Start of Block

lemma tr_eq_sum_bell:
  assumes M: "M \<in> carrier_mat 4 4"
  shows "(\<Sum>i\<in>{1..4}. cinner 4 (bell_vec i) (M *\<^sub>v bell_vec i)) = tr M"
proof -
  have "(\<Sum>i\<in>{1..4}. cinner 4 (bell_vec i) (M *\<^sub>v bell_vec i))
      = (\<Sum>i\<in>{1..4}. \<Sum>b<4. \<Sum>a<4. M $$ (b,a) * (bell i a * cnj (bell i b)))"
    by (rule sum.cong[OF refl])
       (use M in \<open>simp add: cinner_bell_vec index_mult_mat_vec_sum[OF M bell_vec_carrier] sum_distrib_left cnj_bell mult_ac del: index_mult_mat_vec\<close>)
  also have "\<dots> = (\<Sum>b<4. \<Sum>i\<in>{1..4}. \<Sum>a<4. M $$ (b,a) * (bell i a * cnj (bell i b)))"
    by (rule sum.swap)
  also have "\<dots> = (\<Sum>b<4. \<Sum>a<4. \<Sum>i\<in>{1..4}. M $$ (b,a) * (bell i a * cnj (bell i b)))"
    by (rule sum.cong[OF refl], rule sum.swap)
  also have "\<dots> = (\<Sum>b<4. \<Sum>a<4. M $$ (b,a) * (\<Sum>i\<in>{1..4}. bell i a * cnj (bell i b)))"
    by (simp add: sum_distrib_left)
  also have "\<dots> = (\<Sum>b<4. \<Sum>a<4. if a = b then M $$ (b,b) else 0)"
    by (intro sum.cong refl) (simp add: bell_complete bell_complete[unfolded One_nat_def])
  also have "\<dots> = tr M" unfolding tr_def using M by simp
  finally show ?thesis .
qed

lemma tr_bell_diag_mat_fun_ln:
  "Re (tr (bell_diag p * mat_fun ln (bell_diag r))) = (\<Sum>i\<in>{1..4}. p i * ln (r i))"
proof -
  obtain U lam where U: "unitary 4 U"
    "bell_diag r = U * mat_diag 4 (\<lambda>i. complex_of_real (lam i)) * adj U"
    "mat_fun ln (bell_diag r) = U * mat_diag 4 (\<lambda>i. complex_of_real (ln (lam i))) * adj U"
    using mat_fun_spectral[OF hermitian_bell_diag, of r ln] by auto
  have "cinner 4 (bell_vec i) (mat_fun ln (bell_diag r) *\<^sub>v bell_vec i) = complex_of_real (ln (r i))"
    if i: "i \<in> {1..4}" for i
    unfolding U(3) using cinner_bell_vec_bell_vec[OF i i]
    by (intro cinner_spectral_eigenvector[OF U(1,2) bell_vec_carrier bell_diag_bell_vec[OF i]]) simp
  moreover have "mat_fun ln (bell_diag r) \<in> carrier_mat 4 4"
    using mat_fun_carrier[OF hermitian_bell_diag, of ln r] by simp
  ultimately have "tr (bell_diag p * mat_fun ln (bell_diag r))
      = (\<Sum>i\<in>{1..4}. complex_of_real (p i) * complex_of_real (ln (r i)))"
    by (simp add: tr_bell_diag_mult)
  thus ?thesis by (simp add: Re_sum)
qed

End of Block
Start of Block

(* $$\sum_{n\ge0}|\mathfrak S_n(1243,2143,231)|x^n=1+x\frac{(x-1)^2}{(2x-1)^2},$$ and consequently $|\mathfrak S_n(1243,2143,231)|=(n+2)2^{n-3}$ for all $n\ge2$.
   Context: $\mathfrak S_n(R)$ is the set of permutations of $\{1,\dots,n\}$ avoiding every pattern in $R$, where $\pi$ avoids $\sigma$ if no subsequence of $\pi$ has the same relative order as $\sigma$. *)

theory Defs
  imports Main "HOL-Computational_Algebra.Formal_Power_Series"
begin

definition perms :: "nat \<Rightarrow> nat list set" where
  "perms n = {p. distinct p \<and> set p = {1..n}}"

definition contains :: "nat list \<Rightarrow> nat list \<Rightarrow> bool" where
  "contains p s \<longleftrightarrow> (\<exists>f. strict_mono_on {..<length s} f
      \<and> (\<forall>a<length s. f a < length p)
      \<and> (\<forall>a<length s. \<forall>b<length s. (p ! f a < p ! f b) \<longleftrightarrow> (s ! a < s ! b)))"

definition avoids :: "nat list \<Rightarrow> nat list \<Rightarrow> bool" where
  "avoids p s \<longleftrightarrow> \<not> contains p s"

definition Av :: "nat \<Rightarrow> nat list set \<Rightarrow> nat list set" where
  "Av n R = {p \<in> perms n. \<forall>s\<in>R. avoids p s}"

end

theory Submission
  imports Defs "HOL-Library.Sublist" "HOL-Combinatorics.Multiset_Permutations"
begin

End of Block
Start of Block

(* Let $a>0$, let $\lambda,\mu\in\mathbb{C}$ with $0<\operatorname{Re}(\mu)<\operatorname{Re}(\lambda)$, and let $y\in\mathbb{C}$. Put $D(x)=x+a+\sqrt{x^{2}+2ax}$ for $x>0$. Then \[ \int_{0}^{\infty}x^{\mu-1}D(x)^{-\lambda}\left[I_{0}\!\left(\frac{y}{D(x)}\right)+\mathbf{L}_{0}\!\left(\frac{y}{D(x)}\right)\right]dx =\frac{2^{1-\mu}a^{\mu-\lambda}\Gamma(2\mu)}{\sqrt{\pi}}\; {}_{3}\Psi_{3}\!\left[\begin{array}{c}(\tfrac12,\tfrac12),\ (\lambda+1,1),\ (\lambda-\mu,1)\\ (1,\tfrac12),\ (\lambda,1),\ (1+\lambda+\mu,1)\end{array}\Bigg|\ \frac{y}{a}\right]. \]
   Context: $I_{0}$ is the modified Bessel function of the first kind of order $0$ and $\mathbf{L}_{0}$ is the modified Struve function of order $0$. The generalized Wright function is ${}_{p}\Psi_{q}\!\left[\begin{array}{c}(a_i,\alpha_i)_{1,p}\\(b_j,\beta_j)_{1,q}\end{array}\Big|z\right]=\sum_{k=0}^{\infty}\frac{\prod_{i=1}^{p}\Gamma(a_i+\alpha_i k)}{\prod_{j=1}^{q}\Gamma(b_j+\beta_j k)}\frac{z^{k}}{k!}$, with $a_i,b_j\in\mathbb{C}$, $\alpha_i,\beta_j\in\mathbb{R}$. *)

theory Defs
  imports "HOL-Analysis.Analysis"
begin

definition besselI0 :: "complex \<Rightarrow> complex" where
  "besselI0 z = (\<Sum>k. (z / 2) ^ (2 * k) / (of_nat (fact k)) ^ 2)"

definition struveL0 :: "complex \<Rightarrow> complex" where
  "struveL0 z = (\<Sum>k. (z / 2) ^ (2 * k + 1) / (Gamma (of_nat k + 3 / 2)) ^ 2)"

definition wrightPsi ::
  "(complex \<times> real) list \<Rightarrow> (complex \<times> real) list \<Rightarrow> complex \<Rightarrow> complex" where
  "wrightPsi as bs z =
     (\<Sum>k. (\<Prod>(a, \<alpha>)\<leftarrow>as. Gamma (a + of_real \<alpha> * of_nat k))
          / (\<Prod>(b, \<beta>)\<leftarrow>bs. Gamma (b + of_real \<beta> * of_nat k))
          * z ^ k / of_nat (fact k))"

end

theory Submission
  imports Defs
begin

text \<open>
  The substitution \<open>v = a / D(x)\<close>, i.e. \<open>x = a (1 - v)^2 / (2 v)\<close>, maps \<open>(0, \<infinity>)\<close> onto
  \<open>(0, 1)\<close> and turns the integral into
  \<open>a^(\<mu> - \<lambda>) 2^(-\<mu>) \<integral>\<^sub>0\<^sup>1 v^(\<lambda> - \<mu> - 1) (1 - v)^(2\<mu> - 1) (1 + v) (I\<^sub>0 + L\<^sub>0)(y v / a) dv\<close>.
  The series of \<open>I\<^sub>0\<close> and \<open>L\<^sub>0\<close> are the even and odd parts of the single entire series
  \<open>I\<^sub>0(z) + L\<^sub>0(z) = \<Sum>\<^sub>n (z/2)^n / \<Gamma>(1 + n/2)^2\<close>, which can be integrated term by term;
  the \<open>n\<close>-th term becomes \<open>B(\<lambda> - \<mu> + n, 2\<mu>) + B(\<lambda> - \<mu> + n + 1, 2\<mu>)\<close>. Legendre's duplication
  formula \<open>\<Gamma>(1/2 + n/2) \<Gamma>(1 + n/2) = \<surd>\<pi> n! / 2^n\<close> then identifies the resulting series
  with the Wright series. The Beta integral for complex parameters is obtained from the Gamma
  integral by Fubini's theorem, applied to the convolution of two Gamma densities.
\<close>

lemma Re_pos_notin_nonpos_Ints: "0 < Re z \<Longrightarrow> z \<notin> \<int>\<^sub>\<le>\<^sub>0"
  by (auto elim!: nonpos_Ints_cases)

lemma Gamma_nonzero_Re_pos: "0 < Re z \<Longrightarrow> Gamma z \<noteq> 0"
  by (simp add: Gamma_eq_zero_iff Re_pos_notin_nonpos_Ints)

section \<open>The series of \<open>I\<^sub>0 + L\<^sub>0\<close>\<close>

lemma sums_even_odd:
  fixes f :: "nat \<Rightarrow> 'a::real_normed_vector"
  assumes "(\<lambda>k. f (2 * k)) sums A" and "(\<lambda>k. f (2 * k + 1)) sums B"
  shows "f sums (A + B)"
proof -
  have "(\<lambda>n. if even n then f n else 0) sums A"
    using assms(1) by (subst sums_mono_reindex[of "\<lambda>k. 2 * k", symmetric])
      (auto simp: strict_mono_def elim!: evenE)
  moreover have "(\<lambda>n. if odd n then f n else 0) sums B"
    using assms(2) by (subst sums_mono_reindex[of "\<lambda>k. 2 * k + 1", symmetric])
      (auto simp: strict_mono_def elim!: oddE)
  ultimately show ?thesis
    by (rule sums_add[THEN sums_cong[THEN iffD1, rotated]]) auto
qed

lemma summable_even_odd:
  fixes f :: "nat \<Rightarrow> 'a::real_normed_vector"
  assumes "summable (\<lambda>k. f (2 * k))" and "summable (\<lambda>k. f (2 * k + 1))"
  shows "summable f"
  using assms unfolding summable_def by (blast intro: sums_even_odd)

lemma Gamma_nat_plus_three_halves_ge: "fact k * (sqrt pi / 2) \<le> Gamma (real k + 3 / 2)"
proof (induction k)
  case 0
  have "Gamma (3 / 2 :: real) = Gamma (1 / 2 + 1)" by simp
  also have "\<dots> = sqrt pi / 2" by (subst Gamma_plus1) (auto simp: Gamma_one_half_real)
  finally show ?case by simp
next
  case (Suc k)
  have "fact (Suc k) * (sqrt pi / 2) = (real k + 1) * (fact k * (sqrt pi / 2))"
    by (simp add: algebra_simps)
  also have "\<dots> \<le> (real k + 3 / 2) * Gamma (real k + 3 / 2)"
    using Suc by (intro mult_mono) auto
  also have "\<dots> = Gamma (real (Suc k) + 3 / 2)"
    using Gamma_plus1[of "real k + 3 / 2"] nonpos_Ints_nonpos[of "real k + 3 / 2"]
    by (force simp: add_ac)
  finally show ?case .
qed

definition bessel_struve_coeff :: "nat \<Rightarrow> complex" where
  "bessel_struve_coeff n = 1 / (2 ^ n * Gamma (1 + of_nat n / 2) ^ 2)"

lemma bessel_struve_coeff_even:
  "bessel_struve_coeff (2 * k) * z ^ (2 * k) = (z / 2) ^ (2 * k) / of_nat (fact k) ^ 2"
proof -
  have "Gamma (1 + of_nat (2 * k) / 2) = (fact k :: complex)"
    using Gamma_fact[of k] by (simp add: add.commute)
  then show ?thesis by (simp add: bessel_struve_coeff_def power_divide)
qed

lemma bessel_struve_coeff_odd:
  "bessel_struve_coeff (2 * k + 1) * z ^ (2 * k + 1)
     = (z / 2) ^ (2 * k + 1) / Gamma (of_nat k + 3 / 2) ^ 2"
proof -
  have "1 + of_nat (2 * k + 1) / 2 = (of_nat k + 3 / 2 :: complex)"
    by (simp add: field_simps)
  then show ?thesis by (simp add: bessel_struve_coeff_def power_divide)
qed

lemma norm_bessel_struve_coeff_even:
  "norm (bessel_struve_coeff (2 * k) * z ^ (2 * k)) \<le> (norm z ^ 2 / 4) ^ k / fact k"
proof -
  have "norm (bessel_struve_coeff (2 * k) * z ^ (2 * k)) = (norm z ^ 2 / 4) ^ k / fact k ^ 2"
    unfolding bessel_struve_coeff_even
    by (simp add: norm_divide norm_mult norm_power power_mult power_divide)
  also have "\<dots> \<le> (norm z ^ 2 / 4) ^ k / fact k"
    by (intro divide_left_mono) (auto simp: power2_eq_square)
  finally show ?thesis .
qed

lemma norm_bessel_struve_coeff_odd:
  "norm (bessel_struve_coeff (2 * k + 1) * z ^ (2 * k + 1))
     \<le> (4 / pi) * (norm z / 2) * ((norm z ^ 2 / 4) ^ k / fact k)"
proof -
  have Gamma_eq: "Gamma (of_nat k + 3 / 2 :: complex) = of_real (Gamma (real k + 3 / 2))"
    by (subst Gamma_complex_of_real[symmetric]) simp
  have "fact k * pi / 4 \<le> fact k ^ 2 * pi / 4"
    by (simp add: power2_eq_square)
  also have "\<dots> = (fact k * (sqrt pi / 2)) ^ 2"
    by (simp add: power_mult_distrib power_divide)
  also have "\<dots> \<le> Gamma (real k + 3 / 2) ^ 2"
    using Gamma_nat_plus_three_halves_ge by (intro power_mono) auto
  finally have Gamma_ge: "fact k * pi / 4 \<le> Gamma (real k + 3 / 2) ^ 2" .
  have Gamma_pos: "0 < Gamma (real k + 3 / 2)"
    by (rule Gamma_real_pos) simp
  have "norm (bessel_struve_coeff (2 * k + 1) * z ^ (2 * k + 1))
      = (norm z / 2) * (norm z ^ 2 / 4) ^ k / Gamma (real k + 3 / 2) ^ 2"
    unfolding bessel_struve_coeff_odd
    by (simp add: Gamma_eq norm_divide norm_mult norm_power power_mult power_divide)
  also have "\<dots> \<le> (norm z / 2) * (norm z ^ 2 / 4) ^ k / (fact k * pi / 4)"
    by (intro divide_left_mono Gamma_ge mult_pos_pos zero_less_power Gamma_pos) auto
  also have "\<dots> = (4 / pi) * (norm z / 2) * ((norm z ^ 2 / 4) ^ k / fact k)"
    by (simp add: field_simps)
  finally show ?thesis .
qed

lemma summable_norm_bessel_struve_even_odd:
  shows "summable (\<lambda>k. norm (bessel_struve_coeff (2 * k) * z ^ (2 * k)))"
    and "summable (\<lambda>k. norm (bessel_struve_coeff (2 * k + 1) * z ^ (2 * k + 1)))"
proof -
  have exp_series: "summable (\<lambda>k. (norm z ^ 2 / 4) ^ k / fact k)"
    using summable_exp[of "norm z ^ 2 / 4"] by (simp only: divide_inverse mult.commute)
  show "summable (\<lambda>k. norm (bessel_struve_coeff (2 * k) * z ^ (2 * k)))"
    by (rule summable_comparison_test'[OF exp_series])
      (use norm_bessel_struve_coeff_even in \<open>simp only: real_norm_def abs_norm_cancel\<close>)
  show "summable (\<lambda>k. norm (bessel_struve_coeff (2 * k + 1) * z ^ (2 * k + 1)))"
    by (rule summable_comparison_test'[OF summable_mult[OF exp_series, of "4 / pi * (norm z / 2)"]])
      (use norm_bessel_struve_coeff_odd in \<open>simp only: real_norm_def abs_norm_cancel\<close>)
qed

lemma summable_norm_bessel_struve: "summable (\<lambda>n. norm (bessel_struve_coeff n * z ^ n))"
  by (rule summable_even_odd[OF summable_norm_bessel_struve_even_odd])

End of Block

## Try it
Find the string "perms" in the material above, and report every line where it occurs.

## Reply
definition perms :: "nat \<Rightarrow> nat list set" where
  "perms n = {p. distinct p \<and> set p = {1..n}}"
  "Av n R = {p \<in> perms n. \<forall>s\<in>R. avoids p s}"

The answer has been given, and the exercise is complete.